Clearance, its been going well. Slow few weeks with various crew members on vacation. I can certainly understand the need for a visor/screen when working with a wizz saw. Not sure why the company does not have them. I think I asked once, can't remeber the reason though.


----------



## Industry (Dec 30, 2007)

I can cut banches up to 6" in diameter with my wizz saw. I rarely use my chainsaw in the bucket. Most people around here get pissy when you start taking out larger branches and such. To each his own on the saw of choice for trimming. I will try and Take my Video cam out in the next few weeks so you can see what can be done with a wizz saw. Have fun, and stay safe.


----------



## ropensaddle (Dec 30, 2007)

A wizz with a " beaver blade " is very fast at trimming
I have used them many years. The biggest concern I have
is they can easily kick back, so never cut anything near your boom.
They keep spinning after you let off the trigger and can cut fiberglass
in seconds. A pole saw even though much slower, can make directional
notches much better than a wizz. I would prefer to use a pole for
removals and a wizz for trims but thats me!


----------



## Themadd1 (Dec 31, 2007)

So to me this is something new??? I havent seen one before.

Are you talking about a weed wacker, gas powered trimmer with a blade? 

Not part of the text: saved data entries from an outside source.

(* In the setting below, assume consistency, positivity and no unmeasured confounders. Fix $a\in\{0,1\}$ and, for $j=1,\ldots,p$, let the causal estimand $\theta_{aj}$ be the solution of $M_j(\theta):=\mathbb E[F_j(Y_j(a),\theta)]=0$, where each $M_j$ is differentiable and there are constants $c,\delta>0$ with $\min_{1\le j\le p}\inf_{\theta\in\mathcal B(\theta_{aj},\delta)}|M_j'(\theta)|\ge c$. Suppose $F_j(\tilde Y_j(a),\theta)$ is asymptotically unbiased for $F_j(Y_j(a),\theta)$, i.e., with $\Delta_{mj}(a,\theta)=\mathbb E[F_j(\tilde Y_j(a),\theta)\mid\mathbf S(a),\mathbf W]-F_j(Y_j(a),\theta)$, one has $\delta_m:=\max_{j\in[p]}\sup_{\theta\in\mathcal B(\theta_{aj},\delta)}|\mathbb E[\Delta_{mj}(a,\theta)]|=o(1)$ as $m\to\infty$. Let $\tilde\theta_{aj}\in\mathcal B(\theta_{aj},\delta)$ be a solution of $\mathbb E[\mathbb E[F_j(\tilde Y_j,\theta)\mid A=a,\mathbf W]]=0$. Then $\theta_{aj}$ is identified by $\tilde\theta_{aj}$ as $m\to\infty$, in the sense that $\tilde\theta_{aj}-\theta_{aj}\to 0$ as $m\to\infty$.
   Context: Setting. $(A,\mathbf W,\mathbf S(0),\mathbf S(1),\mathbf X(0),\mathbf X(1))$ is drawn from a super-population, $A\in\{0,1\}$ treatment, $\mathbf W\in\mathbb R^q$ covariates, $\mathbf S(a)\in\mathbb R^\ell$ latent potential state, $\mathbf X(a)=[\mathbf X_1(a),\ldots,\mathbf X_m(a)]^\top\in\mathbb R^{m\times d}$ potential responses with rows conditionally i.i.d. given $(\mathbf S(a),\mathbf W)$. Potential outcome $\mathbf Y(a)=\mathbb E[f(\mathbf X_1(a))\mid\mathbf S(a),\mathbf W]\in\mathbb R^p$ for a prespecified $f$; derived outcome $\tilde{\mathbf Y}(a)=g(\mathbf X(a))$ and $\tilde{\mathbf Y}=g(\mathbf X)$ for prespecified $g$. Consistency: $\mathbf X=A\mathbf X(1)+(1-A)\mathbf X(0)$. Positivity: $\mathbb P(A=a\mid\mathbf W)\in(0,1)$. No unmeasured confounders: $A\perp\mathbf X(a)\mid\mathbf W$. $F_j:\mathbb R\times\mathbb R\to\mathbb R$ are given estimating functions; $\mathcal B(x,r)$ is the closed ball of radius $r$ around $x$. *)

theory Defs
  imports "HOL-Probability.Probability"
begin

definition sigma_gen :: "'o measure \<Rightarrow> ('o \<Rightarrow> 'b::topological_space) \<Rightarrow> 'o measure" where
  "sigma_gen M X = vimage_algebra (space M) X borel"

definition sigma_gen_seq :: "'o measure \<Rightarrow> (nat \<Rightarrow> 'o \<Rightarrow> 'b::topological_space) \<Rightarrow> 'o measure" where
  "sigma_gen_seq M X = sigma (space M) (\<Union>i. {X i -` B \<inter> space M | B. B \<in> sets borel})"

definition cprob :: "'o measure \<Rightarrow> 'o measure \<Rightarrow> 'o set \<Rightarrow> 'o \<Rightarrow> real" where
  "cprob M G E = real_cond_exp M G (indicator E)"

definition cond_indep :: "'o measure \<Rightarrow> 'o measure \<Rightarrow> 'o measure \<Rightarrow> 'o measure \<Rightarrow> bool" where
  "cond_indep M F1 F2 G \<longleftrightarrow>
     (\<forall>E\<in>sets F1. \<forall>B\<in>sets F2. AE \<omega> in M.
        cprob M G (E \<inter> B) \<omega> = cprob M G E \<omega> * cprob M G B \<omega>)"

definition cond_iid_seq :: "'o measure \<Rightarrow> (nat \<Rightarrow> 'o \<Rightarrow> 'd::topological_space) \<Rightarrow> 'o measure \<Rightarrow> bool" where
  "cond_iid_seq M X G \<longleftrightarrow>
     (\<forall>I B. finite I \<longrightarrow> (\<forall>i\<in>I. B i \<in> sets borel) \<longrightarrow>
        (AE \<omega> in M. cprob M G (\<Inter>i\<in>I. X i -` B i \<inter> space M) \<omega>
                     = (\<Prod>i\<in>I. cprob M G (X 0 -` B i \<inter> space M) \<omega>)))"

text \<open>E[Z | E, W] as a random variable: E[Z 1_E | W] / P(E | W).\<close>
definition cexp_event_W :: "'o measure \<Rightarrow> 'o set \<Rightarrow> ('o \<Rightarrow> 'w::topological_space) \<Rightarrow> ('o \<Rightarrow> real) \<Rightarrow> 'o \<Rightarrow> real" where
  "cexp_event_W M E W Z \<omega> =
     real_cond_exp M (sigma_gen M W) (\<lambda>x. Z x * indicator E x) \<omega> / cprob M (sigma_gen M W) E \<omega>"

text \<open>Potential outcome Y_j(b) = E[f_j(X_1(b)) | S(b), W] (row 1 is index 0).\<close>
definition Ypot :: "'o measure \<Rightarrow> (nat \<Rightarrow> 'o \<Rightarrow> 'l::topological_space) \<Rightarrow> ('o \<Rightarrow> 'w::topological_space)
    \<Rightarrow> (nat \<Rightarrow> nat \<Rightarrow> 'o \<Rightarrow> 'd) \<Rightarrow> ('d \<Rightarrow> 'p \<Rightarrow> real) \<Rightarrow> nat \<Rightarrow> 'p \<Rightarrow> 'o \<Rightarrow> real" where
  "Ypot M S W Xpot f b j = real_cond_exp M (sigma_gen M (\<lambda>\<omega>. (S b \<omega>, W \<omega>))) (\<lambda>\<omega>. f (Xpot b 0 \<omega>) j)"

end

theory Submission
  imports Defs
begin

text \<open>By consistency, on the event \<open>A = a\<close> the observed derived outcome is \<open>g\<close> applied to
  the potential rows \<open>X(a)\<close>; no unmeasured confounding lets the indicator of that event be
  pulled out of the conditional expectation given \<open>W\<close> as \<open>P(A = a | W)\<close>, which positivity
  allows us to divide by. So the defining equation of \<open>\<theta>t\<close> says \<open>E[F_j(Y~_j(a), \<theta>t)] = 0\<close>,
  and by the tower property \<open>M_j(\<theta>t)\<close> is minus the bias \<open>E[\<Delta>_mj(a, \<theta>t)]\<close>, which tends
  to 0. The mean value theorem with \<open>|M_j'| \<ge> c\<close> on the ball then gives
  \<open>|\<theta>t - \<theta>a| \<le> |M_j(\<theta>t)| / c\<close>.\<close>

lemma finite_measure_subalgebra_sigma_gen:
  assumes "finite_measure M" and "X \<in> borel_measurable M"
  shows "finite_measure_subalgebra M (sigma_gen M X)"
proof -
  interpret finite_measure M by fact
  have "subalgebra M (sigma_gen M X)"
    unfolding subalgebra_def sigma_gen_def using assms(2)
    by (auto simp: sets_vimage_algebra intro!: sets.sigma_sets_subset measurable_sets)
  then show ?thesis by unfold_locales
qed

Sounds like something I would never want in a tree.

There is too much kickback when clearing small brush let alone something above my head.


----------



## ropensaddle (Dec 31, 2007)

Themadd1 said:


> So to me this is something new??? I havent seen one before.
> 
> Are you talking about a weed wacker, gas powered trimmer with a blade?
> 
> ...


Hydraulic saws on bucket trucks.


----------



## bigshea13 (Mar 15, 2008)

i can trimm like its nobodys buisness with a stick saw and i said i could out trim anyone with one even if they had wizz. i was so wrong. since ive learned to use a wizz im puttin down four times the brush. im keeping three trucks busy all day instead of three people. they are so fast and easy to get good cuts with because of the angled head. when its running...its raining brush! before you fully make a decision give one a shot for a couple weeks. i still use the stick for bigger wood. the downfall to them is limitations in size of wood you can take.....the fact that they will remove unwanted branches if they jump.....and you must be extremely careful when pitching limbs because the blade continues to spin after cut is made. oh yeah,,,and you cant just pull out a file and sharpen the blades like you can a chain.


----------